Aberrant DNA methylation patterns are common in cancers and environmental pollutant exposed subjects. Up to date, few studies have examined the aberrant DNA methylation patterns in benzene exposed workers. We recruited 141 benzene-exposed workers, including 83 benzene-exposed workers from a shoe factory in Wenzhou and 58 workers from a painting workshop in Wuhu, 35 workers in Wuhu were followed from 2009 to 2013, and 48 indoor workers as controls from Wenzhou. We used high-resolution melting (HRM) to quantitate human samples of DNA methylation in long interspersed nuclear element-1 (LINE-1), (6)-methylguanine-DNA methyltransferase (MGMT), and DNA mismatch repair gene human mutator L homologue 1 (hMLH1). AML-5 cells were treated with benzoquinone (BQ) and hydroquinone (HQ), and the promoter methylation of MGMT and hMLH1 was detected using the bisulfite sequencing PCR method. The degree of LINE-1 methylation in benzene-exposed workers was significantly lower than that of the controls (p<0.001), and the degree of MGMT (p<0.001) and hMLH1 (p = 0.01) methylation was significantly higher than that of the controls. The in vitro study validated the aberrant hypermethylation of hMLH1 after treatment with BQ. Among the cohort workers who were followed from 2009 to 2013, the LINE1 methylation elevated in 2013 than 2009 (p = 0.004), and premotor methylation in hMLH1 reduced in 2013 than 2009 (p = 0.045) with the reduction of the benzene exposure. This study provides evidence that benzene exposure can induce LINE-1 hypomethylation and DNA repair gene hypermethylation.

Association of BER and NER pathway polymorphism haplotypes and micronucleus frequencies with global DNA methylation in benzene-exposed workers of China: Effects of DNA repair genes polymorphisms on genetic damage.

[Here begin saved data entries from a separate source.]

(*
  Because C_13 = C_23 = Pi, each of the events {U1 <= u} and {U2 <= u} is independent of U3;
  hence the conditional margins F_1|3(u|t), F_2|3(u|t) equal u for a.e. t, the conditional
  copulas are the conditional distribution functions of (U1, U2) given U3, the partial copula
  is C_12 and psi(C)(u1, u2, v) = v * C(u1, u2, 1).

  Split the mass C(u1, u2, 1) of [0,u1] x [0,u2] x [0,1] into a = C(u1, u2, v) and the rest
  c - a.  In each slab {U3 <= v}, {U3 > v} the Frechet-Hoeffding bounds with margins u1 s, u2 s
  (s the mass of the slab) apply, and a - v c = (1 - v) a - v (c - a) then gives
  |C - psi(C)| <= v (1 - v) (min u1 u2 - max 0 (u1 + u2 - 1)) <= 1/8, with equality only at
  the centre of the cube.  There |C - psi(C)| = |q000 - q001| / 2, where the q are the masses
  of the eight half-cubes; the linear constraints the margins impose on the q leave exactly the
  two configurations of the statement.
*)

lemma measure_eqI_atMost:
  fixes N1 N2 :: "'a::ordered_euclidean_space measure"
  assumes "finite_measure N1" and "sets N1 = sets borel" and "sets N2 = sets borel"
    and "\<And>a. emeasure N1 {..a} = emeasure N2 {..a}"
  shows "N1 = N2"
proof (rule measure_eqI_generator_eq[where E="range atMost" and \<Omega>=UNIV and A="\<lambda>i. {..real i *\<^sub>R One}"])
  show "Int_stable (range atMost :: 'a set set)"
    unfolding Int_stable_def
  proof safe
    fix a b :: 'a
    have "{..a} \<inter> {..b} = {..inf a b}" by auto
    then show "{..a} \<inter> {..b} \<in> range atMost" by blast
  qed
  show "sets N1 = sigma_sets UNIV (range atMost)" "sets N2 = sigma_sets UNIV (range atMost)"
    using assms(2,3) by (simp_all add: borel_eq_atMost)
  show "emeasure N1 {..real i *\<^sub>R One} \<noteq> \<infinity>" for i
    using finite_measure.emeasure_finite[OF assms(1)] by (simp add: top_ennreal_def[symmetric])
  show "(\<Union>i. {..real i *\<^sub>R (One::'a)}) = UNIV"
  proof safe
    fix x :: 'a
    obtain k :: nat where k: "norm x \<le> real k" using real_arch_simple by blast
    have "x \<bullet> i \<le> (real k *\<^sub>R One) \<bullet> i" if "i \<in> Basis" for i
      using Basis_le_norm[OF that, of x] k that
      by (simp add: inner_commute inner_sum_right inner_Basis if_distrib sum.delta cong: if_cong)
    then show "x \<in> (\<Union>i. {..real i *\<^sub>R One})" by (auto simp: eucl_le[where 'a='a])
  qed auto
qed (use assms(4) in auto)

(* partial_copula and psi integrate over lebesgue, and their integrands are not known to be Borel. *)
lemma set_integral_lebesgue_eq_lborel_AE:
  fixes f g :: "'a::euclidean_space \<Rightarrow> real"
  assumes [measurable]: "S \<in> sets borel" "g \<in> borel_measurable borel"
    and "AE t in lborel. t \<in> S \<longrightarrow> f t = g t"
  shows "set_lebesgue_integral lebesgue S f = set_lebesgue_integral lborel S g"
proof -
  let ?f = "\<lambda>t. indicator S t *\<^sub>R f t" and ?g = "\<lambda>t. indicator S t *\<^sub>R g t"
  have "AE t in lebesgue. ?g t = ?f t"
    by (rule AE_completion) (use assms(3) in \<open>eventually_elim, auto simp: indicator_def\<close>)
  moreover have g: "?g \<in> borel_measurable lebesgue"
    by (rule measurable_completion) measurable
  ultimately have "integral\<^sup>L lebesgue ?f = integral\<^sup>L lebesgue ?g"
    by (intro integral_cong_AE borel_measurable_AE[OF g]) auto
  also have "\<dots> = integral\<^sup>L lborel ?g"
    by (rule integral_completion) measurable
  finally show ?thesis unfolding set_lebesgue_integral_def .
qed

lemma (in finite_measure) finite_measure_Int_ge:
  assumes "A \<in> sets M" "B \<in> sets M" "T \<in> sets M" "A \<union> B \<subseteq> T"
  shows "measure M A + measure M B - measure M T \<le> measure M (A \<inter> B)"
proof -
  have "measure M (A \<union> B) = measure M A + measure M B - measure M (A \<inter> B)"
    using assms by (intro measure_Un3) (auto simp: fmeasurable_eq_sets)
  moreover have "measure M (A \<union> B) \<le> measure M T"
    using assms by (intro finite_measure_mono) auto
  ultimately show ?thesis
    by simp
qed

lemma measurable_coordinates3 [measurable]:
  "(\<lambda>x::real \<times> real \<times> real. fst x) \<in> borel_measurable borel"
  "(\<lambda>x::real \<times> real \<times> real. fst (snd x)) \<in> borel_measurable borel"
  "(\<lambda>x::real \<times> real \<times> real. snd (snd x)) \<in> borel_measurable borel"
  "(\<lambda>x::real \<times> real \<times> real. (fst x, fst (snd x))) \<in> borel_measurable borel"
  by (auto intro!: borel_measurable_continuous_onI continuous_intros)

declare borel_Times [simp]

section \<open>Random variables uniform on the unit interval\<close>

lemma (in prob_space) distributed_uniform01I:
  fixes X :: "'a \<Rightarrow> real"
  assumes "X \<in> borel_measurable M" and "\<And>u. u \<in> {0..1} \<Longrightarrow> prob {x\<in>space M. X x \<le> u} = u"
  shows "distributed M lborel X (indicator {0..1})"
  using uniform_distrI_borel_atLeastAtMost[of X 0 1] assms
  by (simp add: ennreal_indicator)

lemma (in prob_space) prob_uniform01:
  fixes X :: "'a \<Rightarrow> real"
  assumes "distributed M lborel X (indicator {0..1})" and "B \<in> sets borel"
  shows "prob {x\<in>space M. X x \<in> B} = measure lborel (B \<inter> {0..1})"
proof -
  have [measurable]: "X \<in> borel_measurable M"
    using distributed_measurable[OF assms(1)] by simp
  have "emeasure M {x\<in>space M. X x \<in> B} = emeasure (distr M lborel X) B"
    using assms(2) by (simp add: emeasure_distr vimage_def Int_def conj_commute)
  also have "\<dots> = emeasure lborel (B \<inter> {0..1})"
    unfolding distributed_distr_eq_density[OF assms(1)]
    using assms(2) by (subst emeasure_restricted) (auto simp: Int_commute)
  finally show ?thesis
    unfolding measure_def by simp
qed

lemma (in prob_space) prob_uniform01_Ioc_le:
  fixes X :: "'a \<Rightarrow> real"
  assumes "distributed M lborel X (indicator {0..1})"
  shows "prob {x\<in>space M. a < X x \<and> X x \<le> b} \<le> \<bar>b - a\<bar>"
proof (cases "a \<le> b")
  case False
  then have empty: "{x\<in>space M. a < X x \<and> X x \<le> b} = {}"
    by auto
  show ?thesis
    unfolding empty by simp
next
  case True
  have "prob {x\<in>space M. a < X x \<and> X x \<le> b} = measure lborel ({a<..b} \<inter> {0..1})"
    using prob_uniform01[OF assms(1), of "{a<..b}"] by simp
  also have "\<dots> \<le> measure lborel {a<..b}"
    by (intro measure_mono_fmeasurable fmeasurableI2[OF fmeasurable_cbox[of a b]]) auto
  finally show ?thesis
    using True by simp
qed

OBJECTIVE: The base excision repair (BER) pathway and nucleotide excision repair (NER) pathway play important roles in the repair of benzene-induced genetic damage, and the effects of polymorphisms in these pathways on genetic damage and global DNA methylation are of great interest. METHODS: Ten single nucleotide polymorphisms (SNPs) in the BER (XRCC1: rs25489, rs25487; APE1: rs1130409) and NER pathways (XPA: rs1800975; XPC: rs2228000, rs2228002; XPD: rs13181, rs1799793; XPG: rs17655; ERCC1: rs3212986) were analyzed by a Kompetitive allele-specific PCR (KASP) assay to find associations with cytokinesis-block micronucleus (MN) frequency and global DNA methylation in 294 shoe factory workers and 102 control participants. RESULTS: Workers who possessed the following genotypes were associated with high MN frequency: rs25487 AA (FR (95% CI): 1.50 (1.16,1.9), p = 0.002, reference GG); rs1130409 GG (FR (95% CI): 1.28 (1.05,1.55), p = 0.010, reference TT); rs17655 GC (FR (95% CI): 1.18 (1.02,1.38), p = 0.038, reference GG); and rs3212986 TT (FR (95% CI): 1.55 (1.31,1.83), p < 0.001, reference GG). Workers with four and three mutant alleles showed 3.72-fold (OR (95% CI): 3.72 (1.34, 10.03), p = 0.009) and 2.48-fold (OR (95% CI): 2.48 (1.27, 4.88), p = 0.008) increased risk of genetic damage compared with workers with no or one mutant allele, and a dose-response relationship was found by the trend test (p = 0.006). The rs1130409 variant allele (GG+GT) was associated with low global DNA methylation (ß=-0.20, 95% CI: -0.42, 0.03, p = 0.045). CONCLUSION: In benzene-exposed workers, BER and NER pathway polymorphism haplotypes are associated with different levels of chromosome damage and had little effect on global DNA methylation.